Task brief:
Say how many lines in the records contain the string "assms", giving the number by itself.

Input:
lemma norm_strip_damping_ge:
  assumes "0 \<le> \<epsilon>"
  shows "exp (- \<epsilon> * exp (Re w / 2)) \<le> norm (strip_damping \<epsilon> w)"
proof -
  have "Re (exp ((w - \<i> * pi / 2) / 2)) \<le> exp (Re w / 2)"
    using complex_Re_le_cmod[of "exp ((w - \<i> * pi / 2) / 2)"] by simp
  then show ?thesis
    using assms by (simp add: strip_damping_def mult_left_mono)
qed

lemma eventually_mult_exp_sub_exp_half_less:
  fixes a c D B :: real
  assumes "0 < c" "0 < B"
  shows "eventually (\<lambda>X. D * exp (a * X - c * exp (X / 2)) < B) at_top"
proof -
  have "((\<lambda>X. exp (a * X - c * exp (X / 2))) \<longlongrightarrow> 0) at_top"
    using assms(1) by real_asymp
  then show ?thesis
    using assms(2) by (intro order_tendstoD) (auto intro: tendsto_mult_right_zero)
qed

lemma damped_bound_on_rectangle_frontier:
  fixes \<Psi> :: "complex \<Rightarrow> complex" and D a B \<epsilon> X :: real
  assumes growth: "\<And>w. w \<in> half_strip \<Longrightarrow> norm (\<Psi> w) \<le> D * exp (a * Re w)"
    and boundary: "\<And>w. w \<in> half_strip \<Longrightarrow> Re w = 0 \<or> Im w = 0 \<or> Im w = pi \<Longrightarrow> norm (\<Psi> w) \<le> B"
    and "0 < B" "0 < \<epsilon>" and X: "D * exp (a * X - \<epsilon> / 2 * exp (X / 2)) < B"
    and w: "w \<in> frontier (cbox 0 (Complex X pi))"
  shows "norm (\<Psi> w) * norm (strip_damping \<epsilon> w) \<le> B"
proof -
  have "w \<in> cbox 0 (Complex X pi)" "w \<notin> box 0 (Complex X pi)"
    using w by (auto simp: frontier_cbox)
  then have w_in: "w \<in> half_strip" and "Re w \<le> X" "w \<notin> box 0 (Complex X pi)"
    by (auto simp: half_strip_def cbox_complex_eq)
  then consider "Re w = X" | "Re w = 0 \<or> Im w = 0 \<or> Im w = pi"
    by (auto simp: box_complex_eq half_strip_def)
  then show ?thesis
  proof cases
    case 1
    have "norm (\<Psi> w) * norm (strip_damping \<epsilon> w) \<le> D * exp (a * X) * exp (- (\<epsilon> / 2) * exp (X / 2))"
      using growth[OF w_in] norm_strip_damping_le[OF w_in] 1 \<open>0 < \<epsilon>\<close>
      by (intro mult_mono) (auto intro: order_trans[OF norm_ge_zero])
    also have "\<dots> = D * exp (a * X - \<epsilon> / 2 * exp (X / 2))"
      by (simp add: mult.assoc flip: exp_add)
    finally show ?thesis
      using X by linarith
  next
    case 2
    have "norm (strip_damping \<epsilon> w) \<le> exp (- (\<epsilon> / 2) * exp (Re w / 2))"
      using norm_strip_damping_le[OF w_in] \<open>0 < \<epsilon>\<close> by simp
    also have "\<dots> \<le> 1"
      using \<open>0 < \<epsilon>\<close> by simp
    finally have "norm (\<Psi> w) * norm (strip_damping \<epsilon> w) \<le> B * 1"
      using boundary[OF w_in 2] \<open>0 < B\<close> by (intro mult_mono) auto
    then show ?thesis by simp
  qed
qed

lemma phragmen_lindelof_half_strip_damped:
  fixes \<Psi> :: "complex \<Rightarrow> complex" and D a B \<epsilon> :: real
  assumes cont: "continuous_on half_strip \<Psi>"
    and hol: "\<Psi> holomorphic_on interior half_strip"
    and growth: "\<And>w. w \<in> half_strip \<Longrightarrow> norm (\<Psi> w) \<le> D * exp (a * Re w)"
    and boundary: "\<And>w. w \<in> half_strip \<Longrightarrow> Re w = 0 \<or> Im w = 0 \<or> Im w = pi \<Longrightarrow> norm (\<Psi> w) \<le> B"
    and "0 < B" "0 < \<epsilon>" and z: "z \<in> half_strip"
  shows "norm (\<Psi> z * strip_damping \<epsilon> z) \<le> B"
proof -
  have "eventually (\<lambda>X. Re z < X \<and> D * exp (a * X - \<epsilon> / 2 * exp (X / 2)) < B) at_top"
    using \<open>0 < B\<close> \<open>0 < \<epsilon>\<close>
    by (intro eventually_conj eventually_gt_at_top eventually_mult_exp_sub_exp_half_less) auto
  then obtain X where X: "Re z < X" "D * exp (a * X - \<epsilon> / 2 * exp (X / 2)) < B"
    using eventually_happens'[OF trivial_limit_at_top_linorder] by blast
  let ?R = "cbox 0 (Complex X pi)"
  have R_sub: "?R \<subseteq> half_strip"
    by (auto simp: half_strip_def cbox_complex_eq)
  show ?thesis
  proof (rule maximum_modulus_frontier[where S = ?R and f = "\<lambda>w. \<Psi> w * strip_damping \<epsilon> w"])
    show "(\<lambda>w. \<Psi> w * strip_damping \<epsilon> w) holomorphic_on interior ?R"
      using R_sub unfolding strip_damping_def
      by (intro holomorphic_intros holomorphic_on_subset[OF hol] interior_mono) auto
    show "continuous_on (closure ?R) (\<lambda>w. \<Psi> w * strip_damping \<epsilon> w)"
      using R_sub unfolding strip_damping_def closure_cbox
      by (intro continuous_intros continuous_on_subset[OF cont]) auto
    show "norm (\<Psi> w * strip_damping \<epsilon> w) \<le> B" if "w \<in> frontier ?R" for w
      using damped_bound_on_rectangle_frontier[OF growth boundary \<open>0 < B\<close> \<open>0 < \<epsilon>\<close> X(2) that]
      by (simp add: norm_mult)
    show "z \<in> ?R"
      using z X(1) by (auto simp: half_strip_def cbox_complex_eq)
  qed (simp add: bounded_cbox)
qed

Written response:
3